The Secure Digital Music Initiative takes another step backward with an admission that members can't yet agree on an industry standard for antipiracy.

John Borland Staff Writer, CNET News.com
John Borland
covers the intersection of digital entertainment and broadband.
John Borland
3 min read
The struggling Secure Digital Music Initiative took another big step backward Friday, breaking from its latest meeting with an admission that members can't yet agree on an industry standard for antipiracy.

The group, made up of record labels, technology and consumer electronics companies, has been working for two years to find a way to protect digital music from unauthorized copying as it is released on the Web.

But after early agreements on a first, rudimentary version of its technology, SDMI suffered repeated delays and setbacks in creating the next, more ambitious copy-protection plan. The group broke from its latest meeting Friday with an official statement that "there is currently no consensus for adoption of any combination of the proposed technologies."

"This is not by any means the end of the world," said Paul Jessop, chief technical officer for the International Federation of the Phonographic Industry. "All these technologies can live to fight again another day in other combinations and in other ways."

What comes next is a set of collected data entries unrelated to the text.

definition is_clause :: "'v set \<Rightarrow> 'v clause \<Rightarrow> bool" where
  "is_clause V c \<longleftrightarrow> var (fst c) \<in> V \<and> var (snd c) \<in> V \<and> var (fst c) \<noteq> var (snd c)"

definition is_2cnf :: "'v set \<Rightarrow> 'v cnf2 \<Rightarrow> bool" where
  "is_2cnf V \<Phi> \<longleftrightarrow> (\<forall>c\<in>\<Phi>. is_clause V c)"

fun lit_val :: "('v \<Rightarrow> bool) \<Rightarrow> 'v lit \<Rightarrow> bool" where
  "lit_val \<sigma> (Pos x) = \<sigma> x" | "lit_val \<sigma> (Neg x) = (\<not> \<sigma> x)"

definition satisfies :: "('v \<Rightarrow> bool) \<Rightarrow> 'v cnf2 \<Rightarrow> bool" where
  "satisfies \<sigma> \<Phi> \<longleftrightarrow> (\<forall>(a, b)\<in>\<Phi>. lit_val \<sigma> a \<or> lit_val \<sigma> b)"

definition Z :: "'v set \<Rightarrow> 'v cnf2 \<Rightarrow> nat" where
  "Z V \<Phi> = card {\<sigma> \<in> V \<rightarrow>\<^sub>E (UNIV :: bool set). satisfies \<sigma> \<Phi>}"

inductive_set ucp :: "'v cnf2 \<Rightarrow> 'v lit set \<Rightarrow> 'v lit set" for \<Phi> L0 where
  base: "l \<in> L0 \<Longrightarrow> l \<in> ucp \<Phi> L0"
| step1: "(a, b) \<in> \<Phi> \<Longrightarrow> neg a \<in> ucp \<Phi> L0 \<Longrightarrow> b \<in> ucp \<Phi> L0"
| step2: "(a, b) \<in> \<Phi> \<Longrightarrow> neg b \<in> ucp \<Phi> L0 \<Longrightarrow> a \<in> ucp \<Phi> L0"

definition conflict :: "'v cnf2 \<Rightarrow> 'v lit set \<Rightarrow> 'v cnf2" where
  "conflict \<Phi> L0 = {c \<in> \<Phi>. \<forall>x \<in> {var (fst c), var (snd c)}.
       Pos x \<in> ucp \<Phi> L0 \<and> Neg x \<in> ucp \<Phi> L0}"

definition prune :: "'v cnf2 \<Rightarrow> 'v cnf2" where
  "prune \<Phi> = \<Phi> - (\<Union>l. conflict \<Phi> {l})"

definition Nvar :: "'v cnf2 \<Rightarrow> 'v \<Rightarrow> 'v lit set" where
  "Nvar \<Phi> v = {l. {Pos v, Neg v} \<inter> ucp \<Phi> {l} \<noteq> {}}"

definition Nclause :: "'v cnf2 \<Rightarrow> 'v clause \<Rightarrow> 'v lit set" where
  "Nclause \<Phi> e = (\<Union>l \<in> Nvar \<Phi> (var (fst e)) \<union> Nvar \<Phi> (var (snd e)). ucp \<Phi> {l})"

end

theory Submission
  imports Defs
begin

text \<open>Write N for N(\<Phi>, e). N is closed under unit propagation in \<Phi> \<and> e, and the pruned
  formulas of \<Phi> and \<Phi> \<and> e differ only in clauses both of whose variables have both literals
  in N: adding e only changes what is propagated from literals of N(\<Phi>, v) \<union> N(\<Phi>, v'), and all
  of that stays inside N. So, given a model \<tau> of one pruned formula, every model \<sigma> of the other
  becomes a model of the first when every literal of N whose complement is not in N is made
  true, the variables with both literals in N are copied from \<tau>, and \<sigma> is kept elsewhere. As \<sigma> is
  recovered from its image and its values on the variables of N, the two model counts differ by
  a factor of at most 2^|N|. Both counts are positive, since unit propagation never refutes a
  literal from itself in a pruned formula, which makes it satisfiable.\<close>

lemma neg_neg [simp]: "neg (neg u) = u"
  by (cases u) auto

lemma var_neg [simp]: "var (neg u) = var u"
  by (cases u) auto

lemma neg_neq [simp]: "neg u \<noteq> u"
  by (cases u) auto

lemma lit_mem_var_lits: "u \<in> {Pos (var u), Neg (var u)}"
  by (cases u) auto

lemma var_eq_var_iff: "var w = var u \<longleftrightarrow> w = u \<or> w = neg u"
  by (cases w; cases u) auto

lemma var_in_var_image_iff: "var u \<in> var ` N \<longleftrightarrow> u \<in> N \<or> neg u \<in> N"
  by (metis image_iff var_eq_var_iff var_neg)

definition clause_vars :: "'v clause \<Rightarrow> 'v set" where
  "clause_vars c = {var (fst c), var (snd c)}"

definition clash_vars :: "'v lit set \<Rightarrow> 'v set" where
  "clash_vars N = {x. Pos x \<in> N \<and> Neg x \<in> N}"

lemma var_in_clash_vars_iff: "var u \<in> clash_vars N \<longleftrightarrow> u \<in> N \<and> neg u \<in> N"
  by (cases u) (auto simp: clash_vars_def)

lemma clash_vars_subset: "clash_vars N \<subseteq> var ` N"
  by (auto simp: clash_vars_def intro: image_eqI[of _ var "Pos _"])

lemma clash_vars_mono: "K \<subseteq> K' \<Longrightarrow> clash_vars K \<subseteq> clash_vars K'"
  by (auto simp: clash_vars_def)

lemma conflict_eq: "conflict F L = {c \<in> F. clause_vars c \<subseteq> clash_vars (ucp F L)}"
  by (auto simp: conflict_def clause_vars_def clash_vars_def)

lemma is_2cnf_subset: "is_2cnf V G \<Longrightarrow> F \<subseteq> G \<Longrightarrow> is_2cnf V F"
  by (auto simp: is_2cnf_def)

lemma is_2cnf_insert: "is_2cnf V F \<Longrightarrow> is_clause V e \<Longrightarrow> is_2cnf V (insert e F)"
  by (simp add: is_2cnf_def)

lemma prune_subset: "prune F \<subseteq> F"
  by (auto simp: prune_def)

definition ucp_closed :: "'v cnf2 \<Rightarrow> 'v lit set \<Rightarrow> bool" where
  "ucp_closed F K \<longleftrightarrow> (\<forall>(a, b) \<in> F. (neg a \<in> K \<longrightarrow> b \<in> K) \<and> (neg b \<in> K \<longrightarrow> a \<in> K))"

lemma ucp_closed_subset: "ucp_closed G K \<Longrightarrow> F \<subseteq> G \<Longrightarrow> ucp_closed F K"
  by (auto simp: ucp_closed_def)

lemma ucp_closed_ucp: "ucp_closed F (ucp F L)"
  by (auto simp: ucp_closed_def intro: ucp.intros)

lemma ucp_least: "ucp_closed F K \<Longrightarrow> L \<subseteq> K \<Longrightarrow> ucp F L \<subseteq> K"
proof
  fix u assume "ucp_closed F K" "L \<subseteq> K" "u \<in> ucp F L"
  then show "u \<in> K"
    by (induction rule: ucp.induct[OF \<open>u \<in> ucp F L\<close>]) (auto simp: ucp_closed_def)
qed

lemma ucp_base: "l \<in> ucp F {l}"
  by (simp add: ucp.base)

lemma ucp_mono: "u \<in> ucp F L \<Longrightarrow> F \<subseteq> G \<Longrightarrow> u \<in> ucp G L"
  by (induction rule: ucp.induct) (auto intro: ucp.intros)

lemma ucp_subset_ucp: "u \<in> ucp F {l} \<Longrightarrow> ucp F {u} \<subseteq> ucp F {l}"
  by (simp add: ucp_closed_ucp ucp_least)

lemma ucp_contrapos: "u \<in> ucp F {l} \<Longrightarrow> neg l \<in> ucp F {neg u}"
proof (induction rule: ucp.induct)
  case (base l')
  then show ?case by (simp add: ucp_base)
next
  case (step1 a b)
  have "a \<in> ucp F {neg b}" using step1(1) by (auto intro: ucp.intros)
  with step1.IH show ?case using ucp_subset_ucp by fastforce
next
  case (step2 a b)
  have "b \<in> ucp F {neg a}" using step2(1) by (auto intro: ucp.intros)
  with step2.IH show ?case using ucp_subset_ucp by fastforce
qed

At its last meeting in January, the group said it was putting its plans on a fast track, hoping to have technology on the market by Christmas. Friday's announcement marks the failure of that effort, as companies with different goals were unable to agree on a technology plan.

"You have a lot of issues going on that people need to watch and get more information on," said Scott Moscowitz, CEO of Blue Spike, which has "watermarking" technology being reviewed by the group. He cited the upcoming release of subscription services by the labels, ongoing litigation over Napster, and other pending issues in the online music world.

The SDMI effort was spotlighted in the press recently for attempts to stop a Princeton University professor from publishing the results of his efforts to break though several anticopying protections posted online as part of a "hacker's challenge."

Professor Edward Felten said his programming team broke through all four proposed watermarking plans posted online. A so-called digital watermark places a unique bit of code onto a file that is theoretically difficult to remove without damaging the quality of the sound or image.

But SDMI representatives said Felten could be breaking federal copyright law if he published the results, and the professor wound up withdrawing a planned paper from a public research forum.

Although the SDMI effort may be increasingly irrelevant in a digital music market beginning to move ahead without it, its original goals of protecting music from online piracy are not.

Companies such as Microsoft and InterTrust are gaining new traction for their "digital rights management" technology, which protects songs from being copied or distributed without permission as the major record labels begin to move online.

Three major music subscription services from Napster and the major music labels are slated to launch this summer or early fall with some anticopying protection built in. None of the efforts have yet given details on which technology they would use.

The SDMI group said it would meet again in September to "reassess technological advances in light of emerging consumer needs."